Meet Christine Whelan—an attractive, 29-year-old woman with a PhD from Oxford University. When I spoke with her she happened to be single, having been dumped two years earlier by a man who told her she was intellectually intimidating. For a break-up line it seems fairly believable. After all, Dr. Whelan is a successful author, journalist, and commentator who has taught at Princeton University and has been published by the likes of The Wall Street Journal and The New York Times. She is exactly the type one would expect to see leading the campaign declaring that men are frightened off by smart women. At the very least she should be among those applauding Maureen Dowd’s 2005 book, Are Men Necessary?, a controversial tome charging that men just want women who will be content to take care of all their needs. Dowd's view was that, "Guys want to be in relationships with women they don’t have to talk to," and that, "females are still programmed to look for older men with resources while males are still programmed to look for younger women with adoring gazes."
Her own breakup experience notwithstanding, Christine Whelan strongly disagrees with Dowd’s assessment. Whelan’s 2006 book, Why Smart Men Marry Smart Women, explains that "when women buy into gender-based stereotypes of what a man is looking for in a woman, they not only insult the men they are trying to attract, but also give off negative vibes about their own self-confidence." The reality, according to Whelan, is that men do make passes at women with glasses—the marriage market has been changing and Dowd’s claims are at least two decades out of date. While we all may be attracted to an adoring gaze, we’re much more attracted if that gaze also reveals underlying intelligence and the kind of character that has the potential to lead to success, whatever our definition of that term might be.

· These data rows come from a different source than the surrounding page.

(* For $n\ge1$ and $k\in[n]$, let $a_{n,k}$ be the number of permutations $\pi\in\mathcal S_n$ avoiding $(123,\{0,2\},\emptyset)$ with $\pi_1=k$. Then \[a_{n,k}=\begin{cases}(k-1)!\,k^{\,n-k}&\text{for }k=1,2,\dots,n-2,\\ (n-1)!&\text{if }k=n-1\text{ or }k=n.\end{cases}\]
   Context: For $n\ge1$, $\mathcal S_n$ is the set of permutations $\pi=\pi_1\cdots\pi_n$ of $[n]$. A bi-vincular pattern of length $k$ is a triple $p=(\sigma,X,Y)$ with $\sigma\in\mathcal S_k$ and $X,Y\subseteq\{0,1,\dots,k\}$. A permutation $\pi\in\mathcal S_n$ contains $p$ if there are indices $1\le i_1<\dots<i_k\le n$ such that $(\pi_{i_1},\dots,\pi_{i_k})$ is order-isomorphic to $\sigma$ and, letting $j_1<\dots<j_k$ be the values $\pi_{i_1},\dots,\pi_{i_k}$ sorted increasingly and setting $i_0=j_0=0$, $i_{k+1}=j_{k+1}=n+1$, one has $i_{x+1}=i_x+1$ for all $x\in X$ and $j_{y+1}=j_y+1$ for all $y\in Y$. Otherwise $\pi$ avoids $p$. *)

theory Defs
  imports Main "HOL-Combinatorics.Multiset_Permutations"
begin

(* Permutations of [n] are lists p = [pi_1,...,pi_n] (one-line notation);
   pi_i is written  p ! (i - 1). A bi-vincular pattern is (sigma, X, Y) with
   sigma a permutation of [k] given as a list. *)

definition perms :: "nat \<Rightarrow> nat list set" where
  "perms n = permutations_of_set {1..n}"

definition order_iso :: "nat list \<Rightarrow> nat list \<Rightarrow> bool" where
  "order_iso xs ys \<longleftrightarrow> length xs = length ys \<and>
     (\<forall>a < length xs. \<forall>b < length xs. (xs ! a < xs ! b \<longleftrightarrow> ys ! a < ys ! b))"

(* p contains the bi-vincular pattern (sigma, X, Y).
   ii : indices i_1 < ... < i_k (1-based), extended by i_0 = 0, i_(k+1) = n+1;
   jj : the values pi_(i_1),...,pi_(i_k) sorted increasingly, extended by
        j_0 = 0, j_(k+1) = n+1. *)
definition contains_bv :: "nat list \<Rightarrow> nat list \<Rightarrow> nat set \<Rightarrow> nat set \<Rightarrow> bool" where
  "contains_bv p sigma X Y \<longleftrightarrow>
     (let n = length p; k = length sigma in
      \<exists>i :: nat \<Rightarrow> nat.
        (\<forall>t \<in> {1..k}. 1 \<le> i t \<and> i t \<le> n) \<and>
        (\<forall>s \<in> {1..k}. \<forall>t \<in> {1..k}. s < t \<longrightarrow> i s < i t) \<and>
        (let vals = map (\<lambda>t. p ! (i t - 1)) [1..<k+1];
             js = sort vals;
             ii = (\<lambda>x. if x = 0 then 0 else if x = k + 1 then n + 1 else i x);
             jj = (\<lambda>y. if y = 0 then 0 else if y = k + 1 then n + 1 else js ! (y - 1))
         in order_iso vals sigma \<and>
            (\<forall>x \<in> X. ii (x + 1) = ii x + 1) \<and>
            (\<forall>y \<in> Y. jj (y + 1) = jj y + 1)))"

definition avoids_bv :: "nat list \<Rightarrow> nat list \<Rightarrow> nat set \<Rightarrow> nat set \<Rightarrow> bool" where
  "avoids_bv p sigma X Y \<longleftrightarrow> \<not> contains_bv p sigma X Y"

definition a_nk :: "nat \<Rightarrow> nat \<Rightarrow> nat" where
  "a_nk n k = card {p \<in> perms n. avoids_bv p [1,2,3] {0,2} {} \<and> p ! 0 = k}"

end

theory Submission
  imports Defs
begin

text \<open>Write a permutation as k # xs. An occurrence of the pattern is an adjacent ascent
  xs ! j < xs ! (j + 1) with k < xs ! j, so the permutation avoids it iff in xs every entry above k
  is followed by a smaller one unless it comes last. Such arrangements of a set S are built by
  inserting the elements above k in increasing order: the current maximum v may go to the front or
  directly after an entry below k, and since v exceeds everything else this choice never interacts
  with the rest of the word. That gives card {x \<in> S. x < k} + 1 slots per large element, and the
  entries below k are arranged freely; for S = {1..n} - {k} the count is (k - 1)! * k ^ (n - k),
  which equals (n - 1)! when k \<ge> n - 1.\<close>

lemma order_iso_123_iff: "order_iso [a, b, c] [1, 2, 3] \<longleftrightarrow> a < b \<and> b < c"
  unfolding order_iso_def by (auto simp: less_Suc_eq numeral_3_eq_3 numeral_2_eq_2)

lemma atLeastAtMost_1_3: "{1..3::nat} = {1, 2, 3}"
  by (auto simp: numeral_3_eq_3)

lemma contains_123_iff:
  "contains_bv p [1,2,3] {0,2} {} \<longleftrightarrow>
   (\<exists>j. 1 \<le> j \<and> j + 1 < length p \<and> p ! 0 < p ! j \<and> p ! j < p ! (j + 1))"
proof -
  have length_123: "length [1,2,3::nat] = 3" by simp
  have upt_123: "[1..<3 + 1] = [1,2,3::nat]" by (simp add: upt_rec)
  (* X = {0,2} forces i 1 = 1 and i 3 = i 2 + 1 (positions are 1-based), so j = i 2 - 1 *)
  show ?thesis
    unfolding contains_bv_def Let_def length_123 upt_123 atLeastAtMost_1_3
    apply (simp only: list.map order_iso_123_iff)
    apply (simp; intro iffI; elim exE conjE)
    subgoal for i by (rule exI[of _ "i 2 - 1"]) simp
    subgoal for j by (rule exI[of _ "\<lambda>t. if t = 1 then 1 else j + t - 1"]) simp
    done
qed

fun descends_above :: "nat \<Rightarrow> nat list \<Rightarrow> bool" where
  "descends_above k [] = True"
| "descends_above k (x # xs) \<longleftrightarrow> (k < x \<and> xs \<noteq> [] \<longrightarrow> hd xs < x) \<and> descends_above k xs"

lemma descends_above_iff_nth:
  "descends_above k xs \<longleftrightarrow> (\<forall>j. j + 1 < length xs \<longrightarrow> k < xs ! j \<longrightarrow> xs ! (j + 1) < xs ! j)"
proof (induction xs)
  case Nil
  then show ?case by simp
next
  case (Cons x xs)
  have "(\<forall>j. j + 1 < length (x # xs) \<longrightarrow> k < (x # xs) ! j \<longrightarrow> (x # xs) ! (j + 1) < (x # xs) ! j)
    \<longleftrightarrow> (k < x \<and> xs \<noteq> [] \<longrightarrow> hd xs < x) \<and>
        (\<forall>j. j + 1 < length xs \<longrightarrow> k < xs ! j \<longrightarrow> xs ! (j + 1) < xs ! j)"
    (is "?all \<longleftrightarrow> ?head \<and> ?tail")
  proof
    assume ?all
    then show "?head \<and> ?tail"
      using spec[OF \<open>?all\<close>, of 0] by (auto simp: hd_conv_nth dest: spec[of _ "Suc _"])
  next
    assume "?head \<and> ?tail"
    show ?all
    proof (intro allI impI)
      fix j assume "j + 1 < length (x # xs)" "k < (x # xs) ! j"
      with \<open>?head \<and> ?tail\<close> show "(x # xs) ! (j + 1) < (x # xs) ! j"
        by (cases j) (auto simp: hd_conv_nth)
    qed
  qed
  with Cons.IH show ?case by simp
qed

To be fair to Dowd, it must be acknowledged that she probably had little good news at her disposal with which to counter the old stereotypes. Today's media files are swollen with newsbytes warning that women who spend too many 'marriageable years' pursuing education will find they've missed the marriage boat entirely. Even some of the largest news sources in the country have accepted this fallacy. One of these, Newsweek Magazine, has only recently apologized for its famous hyperbolic prediction that single, 40-year-old women had "a better chance of being killed by a terrorist than getting married." Intended as a joke, this statement has been repeated so often it has become indistinguishable from fact. The apology is too late, the lie has caught on, and there are few now who question the belief that women who delay marriage to pursue higher degrees may be educating themselves out of the marriage pool. So why is Dr. Christine Whelan swimming against the media tide?
To Whelan, the idea that she and others like her were single because they were ‘too intelligent’ to attract a man no longer seemed plausible. "It’s a flattering explanation, isn’t it?" she admits, "But it’s just statistically not true."